Через полгода после смерти Владимира у Любочки были именины. Никакого праздника она не устраивала, просто скромно приняла лучших друзей – Макаровых, Кондратьевых и доктора Панина с женой. Часа через два Макаровы откланялись первыми: Анатолий извинился, что сегодня у него ночная проверка постов. Любочка провожала их в прихожей. Вера вспомнила – что-то забыла сказать кузине, Ираиде Кондратьевой, вернулась в комнату. Любочка с Анатолием остались наедине, и она вдруг сказала:
– Я поеду ночевать в другой дом, на дачу. Спать не лягу – буду тебя ждать. – Ее глаза блеснули, и у него заколотилось сердце. – Придешь…
Последнее слово она произнесла так, что непонятно было: спрашивает или утверждает. И тут же порхнула в комнату, навстречу идущей Вере… И он, конечно же, пришел…
Да, он помнит тот разговор. Разве только тот? Он помнил каждую их встречу, каждое слово, произнесенное хриплым шепотом, со стоном или со смехом… Но тот разговор теперь он помнил особо. Любочка лежала в постели, слегка натянув на себя простыню.
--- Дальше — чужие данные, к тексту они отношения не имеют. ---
lemma abs_ray_density_le: "1 \<le> t \<Longrightarrow> t \<le> T \<Longrightarrow> \<bar>ray_density x y t\<bar> \<le> M * T ^ (DIM('a) - 1)"
  unfolding ray_density_def abs_mult
  by (intro mult_mono psi_bounded M_nonneg) (auto intro: power_mono)

lemma integrable_truncated_ray_density:
  "integrable lborel (\<lambda>t. indicator {1..T} t * ray_density x y t)"
proof -
  have "set_integrable lborel {1..T} (ray_density x y)"
    by (rule borel_integrable_atLeastAtMost') (rule continuous_on_subset[OF continuous_on_ray_density], auto)
  then show ?thesis by (simp add: set_integrable_def)
qed

lemma ray_integral_truncate:
  assumes "1 \<le> T" "norm y + 1 \<le> T * norm (x - y)"
  shows "ray_integral x y = integral\<^sup>L lborel (\<lambda>t. indicator {1..T} t * ray_density x y t)"
proof -
  have *: "indicator {1..} t *\<^sub>R ray_density x y t = indicator {1..T} t * ray_density x y t" for t
  proof (cases "t \<le> T")
    case False
    then have "norm y + 1 \<le> t * norm (x - y)"
      using assms(2) by (meson mult_right_mono norm_ge_zero order_trans nle_le)
    then show ?thesis using False assms(1) ray_density_eq_0[of t y x] by (auto simp: indicator_def)
  qed (auto simp: indicator_def)
  show ?thesis unfolding ray_integral_def set_lebesgue_integral_def by (simp only: *)
qed

lemma abs_truncated_ray_integral_le:
  assumes "1 \<le> T"
  shows "\<bar>integral\<^sup>L lborel (\<lambda>t. indicator {1..T} t * ray_density x y t)\<bar> \<le> (T - 1) * (M * T ^ (DIM('a) - 1))"
proof -
  have "\<bar>integral\<^sup>L lborel (\<lambda>t. indicator {1..T} t * ray_density x y t)\<bar>
      \<le> integral\<^sup>L lborel (\<lambda>t. norm (indicator {1..T} t * ray_density x y t))"
    using integral_norm_bound by (metis real_norm_def)
  also have "\<dots> \<le> integral\<^sup>L lborel (\<lambda>t. (M * T ^ (DIM('a) - 1)) * indicator {1..T} t)"
    using integrable_truncated_ray_density
    by (intro integral_mono integrable_mult_right integrable_real_indicator)
      (auto simp: indicator_def emeasure_lborel_Icc_eq intro!: abs_ray_density_le[simplified])
  also have "\<dots> = (T - 1) * (M * T ^ (DIM('a) - 1))"
    using assms by (simp add: measure_lborel_Icc)
  finally show ?thesis .
qed
lemma smooth_fn_binop:
  fixes A :: "('b::{t2_space,second_countable_topology} set \<times> ('b \<Rightarrow> complex^'n)) set"
  assumes "complex_manifold A" "open U" "smooth_fn A U r" "smooth_fn A U s" "F 0 0 = 0"
    and F: "\<And>S (f :: complex^'n \<Rightarrow> complex) g. open S \<Longrightarrow> smooth_on S f \<Longrightarrow> smooth_on S g \<Longrightarrow> smooth_on S (\<lambda>x. F (f x) (g x))"
  shows "smooth_fn A U (\<lambda>b. F (r b) (s b))"
  unfolding smooth_fn_def
proof (intro conjI allI impI ballI)
  show "b \<notin> U \<Longrightarrow> F (r b) (s b) = 0" for b
    using assms(3,4,5) unfolding smooth_fn_def by auto
  fix p assume "p \<in> A"
  moreover obtain V \<phi> where p: "p = (V, \<phi>)" by fastforce
  ultimately have chart: "(V, \<phi>) \<in> A" by simp
  have "smooth_on (\<phi> ` (U \<inter> V)) (r \<circ> inv_into V \<phi>)" "smooth_on (\<phi> ` (U \<inter> V)) (s \<circ> inv_into V \<phi>)"
    using assms(3,4) chart unfolding smooth_fn_def by auto
  then have "smooth_on (\<phi> ` (U \<inter> V)) (\<lambda>x. F ((r \<circ> inv_into V \<phi>) x) ((s \<circ> inv_into V \<phi>) x))"
    by (rule F[OF open_chart_image[OF assms(1) chart assms(2)]])
  then show "case p of (V, \<phi>) \<Rightarrow> smooth_on (\<phi> ` (U \<inter> V)) ((\<lambda>b. F (r b) (s b)) \<circ> inv_into V \<phi>)"
    using p by (simp add: o_def)
qed

lemma smooth_fn_mult:
  assumes "complex_manifold A" "open U" "smooth_fn A U r" "smooth_fn A U s"
  shows "smooth_fn A U (\<lambda>b. r b * s b)"
  by (rule smooth_fn_binop[OF assms]) (simp_all add: smooth_on_mult)

lemma smooth_fn_diff:
  assumes "complex_manifold A" "open U" "smooth_fn A U r" "smooth_fn A U s"
  shows "smooth_fn A U (\<lambda>b. r b - s b)"
  by (rule smooth_fn_binop[OF assms]) (simp_all add: smooth_on_diff)

lemma smooth_fn_cnj_iff:
  assumes "complex_manifold A" "open U"
  shows "smooth_fn A U (\<lambda>b. cnj (r b)) \<longleftrightarrow> smooth_fn A U r"
proof -
  have "smooth_fn A U (\<lambda>b. cnj (r b))" if "smooth_fn A U r" for r
    by (rule smooth_fn_binop[where F = "\<lambda>a _. cnj a", OF assms that that]) (simp_all add: smooth_on_cnj)
  from this[of r] this[of "\<lambda>b. cnj (r b)"] show ?thesis by auto
qed

section \<open>Complex vector fields\<close>

lemma vfield_smooth: "vfield A U \<sigma> \<Longrightarrow> smooth_fn A U r \<Longrightarrow> smooth_fn A U (\<sigma> r)"
  and vfield_nonsmooth: "vfield A U \<sigma> \<Longrightarrow> \<not> smooth_fn A U r \<Longrightarrow> \<sigma> r = (\<lambda>b. 0)"
  and vfield_add: "vfield A U \<sigma> \<Longrightarrow> smooth_fn A U r \<Longrightarrow> smooth_fn A U s \<Longrightarrow>
    \<sigma> (\<lambda>b. r b + s b) = (\<lambda>b. \<sigma> r b + \<sigma> s b)"
  and vfield_mult: "vfield A U \<sigma> \<Longrightarrow> smooth_fn A U r \<Longrightarrow> smooth_fn A U s \<Longrightarrow>
    \<sigma> (\<lambda>b. r b * s b) = (\<lambda>b. r b * \<sigma> s b + s b * \<sigma> r b)"
  and vfield_cmult: "vfield A U \<sigma> \<Longrightarrow> smooth_fn A U r \<Longrightarrow> \<sigma> (\<lambda>b. c * r b) = (\<lambda>b. c * \<sigma> r b)"
  unfolding vfield_def by blast+

lemma vfield_zero: assumes "vfield A U \<sigma>" shows "\<sigma> (\<lambda>b. 0) = (\<lambda>b. 0)"
  using vfield_cmult[OF assms, of "\<lambda>b. 0" 0] vfield_nonsmooth[OF assms] by fastforce

lemma vf10_imp_vfield: "vf10 A U \<sigma> \<Longrightarrow> vfield A U \<sigma>"
  and vf01_imp_vfield: "vf01 A U \<sigma> \<Longrightarrow> vfield A U \<sigma>"
  unfolding vf10_def vf01_def by blast+

lemma vconj_vconj [simp]: "vconj (vconj \<sigma>) = \<sigma>"
  unfolding vconj_def by simp
lemma set_new_crossings: "set (new_crossings n p q m) \<subseteq> set (chord_slots n p q)"
proof -
  have "set (new_crossings n p q m) \<subseteq> set (new_inside_ends n p q m) \<times> set (map snd (crossings n p q m))"
    unfolding new_crossings_eq_zip by (auto dest: set_zip_leftD set_zip_rightD)
  moreover have "set (new_inside_ends n p q m) \<subseteq> {p..q}"
    unfolding new_inside_ends_def by auto
  ultimately show ?thesis
    using set_crossings[of n p q m] unfolding set_chord_slots by fastforce
qed

lemma count_new_inside_ends:
  "t \<in> {p..q} \<Longrightarrow> count_list (new_inside_ends n p q m) t = (\<Sum>c\<leftarrow>outs n p q. m (refl_pos p q t) c)"
  unfolding new_inside_ends_def by (subst count_list_concat_map_replicate) auto

lemma sorted_new_inside_ends: "sorted (new_inside_ends n p q m)"
  unfolding new_inside_ends_def
  using sorted_concat_map_replicate[of id "[p..<Suc q]"] by (simp del: upt_Suc)

definition noncrossing :: "(nat \<Rightarrow> nat \<Rightarrow> nat) \<Rightarrow> bool" where
  "noncrossing m \<longleftrightarrow> (\<forall>a b c d. a < c \<and> c < b \<and> b < d \<and> 0 < m a b \<longrightarrow> m c d = 0)"

lemma outside_rank_mono:
  assumes nc: "noncrossing m" and sym: "\<And>a b. m a b = m b a" and pq: "p \<le> q" "q \<le> n"
    and a: "a < a'" "p \<le> a" "a' \<le> q"
    and c: "c \<in> set (outs n p q)" "c' \<in> set (outs n p q)"
    and m: "0 < m a c" "0 < m a' c'"
  shows "outside_rank n p q c \<le> outside_rank n p q c'"
proof -
  have N: "m y z = 0" if "x < y" "y < w" "w < z" "0 < m x w" for x y w z
    using nc that unfolding noncrossing_def by blast
  have "c \<le> n" "c < p \<or> q < c" "c' \<le> n" "c' < p \<or> q < c'"
    using c set_outs[OF pq] by auto
  moreover have "0 < m c a" "0 < m c' a'" using m sym by metis+
  ultimately show ?thesis
    using N[of c c' a a'] N[of c' a a' c] N[of a a' c c'] a m
    unfolding outside_rank_def by (cases "c < c'") (auto split: if_splits)
qed

lemma sorted_outside_rank_crossings:
  assumes nc: "noncrossing m" and sym: "\<And>a b. m a b = m b a" and pq: "p \<le> q" "q \<le> n"
  shows "sorted (map (outside_rank n p q \<circ> snd) (crossings n p q m))"
proof -
  define g where
    "g = (\<lambda>a. concat (map (\<lambda>c. replicate (m a c) (outside_rank n p q c)) (rev (outs n p q))))"
  have "map (outside_rank n p q \<circ> snd) (crossings n p q m) = concat (map g [p..<Suc q])"
    unfolding crossings_def g_def by (simp add: map_concat comp_def del: upt_Suc)
  moreover have "sorted (g a)" for a
    unfolding g_def
    by (rule sorted_concat_map_replicate)
      (use sorted_wrt_outside_rank[OF pq(1), of n] strict_sorted_imp_sorted in auto)
  moreover have "sorted_wrt (\<lambda>a b. \<forall>x\<in>set (g a). \<forall>y\<in>set (g b). x \<le> y) [p..<Suc q]"
    by (rule sorted_wrt_mono_rel[OF _ sorted_wrt_upt])
      (auto simp: g_def intro: outside_rank_mono[OF nc sym pq])
  ultimately show ?thesis by (simp add: sorted_wrt_concat_map del: upt_Suc)
qed

lemma sorted_new_crossings:
  assumes "noncrossing m" "\<And>a b. m a b = m b a" "p \<le> q" "q \<le> n"
  shows "sorted (map (slot_key n p q) (new_crossings n p q m))"
proof -
  have "map (slot_key n p q) (new_crossings n p q m) =
        zip (new_inside_ends n p q m) (map (outside_rank n p q \<circ> snd) (crossings n p q m))"
    unfolding new_crossings_eq_zip slot_key_def zip_map2 by (auto simp: comp_def split: prod.splits)
  then show ?thesis
    using sorted_zip[OF sorted_new_inside_ends sorted_outside_rank_crossings[OF assms]] by simp
qed

text \<open>Both lists are sorted by \<open>slot_key\<close> (the right one thanks to non-crossing) and have
  the same multiset of slots, so they coincide.\<close>

lemma crossings_reflect_arcs:
  assumes nc: "noncrossing m" and sym: "\<And>a b. m a b = m b a" and pq: "p \<le> q" "q \<le> n"
  shows "crossings n p q (reflect_arcs n p q m) = new_crossings n p q m"
proof (rule sorted_key_unique)
  show "mset (crossings n p q (reflect_arcs n p q m)) = mset (new_crossings n p q m)"
  proof (rule multiset_eqI)
    fix d
    show "count (mset (crossings n p q (reflect_arcs n p q m))) d = count (mset (new_crossings n p q m)) d"
    proof (cases "d \<in> set (chord_slots n p q)")
      case True
      then obtain a c where d: "d = (a, c)" "a \<in> {p..q}" "c \<in> set (outs n p q)"
        by (auto simp: set_chord_slots)
      then have "c \<le> n" "c \<notin> {p..q}" using set_outs[OF pq] by auto
      then show ?thesis
        using d pq by (simp add: count_mset count_crossings reflect_arcs_in_out)
    next
      case False
      then show ?thesis
        using set_crossings set_new_crossings by (metis count_mset count_notin subsetD)
    qed
  qed
  show "inj_on (slot_key n p q) (set (crossings n p q (reflect_arcs n p q m)))"
    using inj_on_slot_key[OF pq(1)] set_crossings by (rule inj_on_subset)
  show "sorted (map (slot_key n p q) (crossings n p q (reflect_arcs n p q m)))"
    by (rule sorted_crossings[OF pq(1)])
  show "sorted (map (slot_key n p q) (new_crossings n p q m))"
    by (rule sorted_new_crossings[OF assms])
qed

lemma sum_outs_reflect_arcs:
  assumes pq: "p \<le> q" "q \<le> n" and t: "t \<in> {p..q}"
  shows "(\<Sum>c\<leftarrow>outs n p q. reflect_arcs n p q m t c) = (\<Sum>c\<leftarrow>outs n p q. m (refl_pos p q t) c)"
proof -
  have "(\<Sum>c\<leftarrow>outs n p q. reflect_arcs n p q m t c)
        = (\<Sum>c\<leftarrow>outs n p q. count_list (new_crossings n p q m) (t, c))"
    using t pq by (intro arg_cong[where f = sum_list] map_cong refl reflect_arcs_in_out)
      (auto simp: set_outs)
  also have "\<dots> = count_list (new_inside_ends n p q m) t"
    unfolding map_fst_new_crossings[symmetric]
    by (rule sum_list_count_list_fst)
      (use set_new_crossings[of n p q m] distinct_outs[OF pq(1)] in \<open>auto simp: set_chord_slots\<close>)
  also have "\<dots> = (\<Sum>c\<leftarrow>outs n p q. m (refl_pos p q t) c)"
    using t by (rule count_new_inside_ends)
  finally show ?thesis .
qed

lemma new_inside_ends_reflect_arcs:
  assumes pq: "p \<le> q" "q \<le> n"
  shows "new_inside_ends n p q (reflect_arcs n p q m) = map fst (crossings n p q m)"
  unfolding new_inside_ends_def map_fst_crossings
  using sum_outs_reflect_arcs[OF pq refl_pos_mem]
  by (intro arg_cong[where f = concat] map_cong refl arg_cong[where f = "\<lambda>k. replicate k _"])
    (simp add: atLeastLessThanSuc_atLeastAtMost del: upt_Suc)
Вот именно – слегка, так, что оставались обнаженными нога, бедро, изгиб спины, чуть приоткрывалась грудь… Она была опытной женщиной и знала – такая скромная, словно случайная обнаженность возбуждает куда сильнее, чем полная нагота! И у Анатолия вновь помутнело в глазах, вновь неодолимо потянулось к ней все его тело, вся его плоть! Хотя и десяти минут не прошло, как они, обессиленные, разжали объятия – а вот же он снова готов отдавать и отдаваться… Он сдернул простыню и увидел ее затвердевшую, налитую желанием грудь… Она тоже вновь потянулась к нему, тут же, застонав, протянула руки… Он сам произнес ту первую, роковую фразу – так много чувств переплелось, так хотелось их выразить:
– Бедный Владимир! Я завидовал ему, но сам себе в этом не признавался. А ведь если бы он не умер, между нами так бы ничего и не было… Сейчас я не могу себе этого даже представить!
– Глупенький! – Любочка засмеялась своим особенным смехом, который появлялся у нее только в такие минуты. – Так бы я и позволила тебе быть просто другом! И так слишком долго терпела.
– Нет, моя милая! – Анатолий медленно провел ладонью по ее прохладной, мраморно-гладкой коже. Как бы ни было им горячо, ее тело всегда оставалось прохладным – поразительно! – Если бы Владимир не умер, я бы никогда не стал твоим любовником. Офицерская дружба – превыше всего!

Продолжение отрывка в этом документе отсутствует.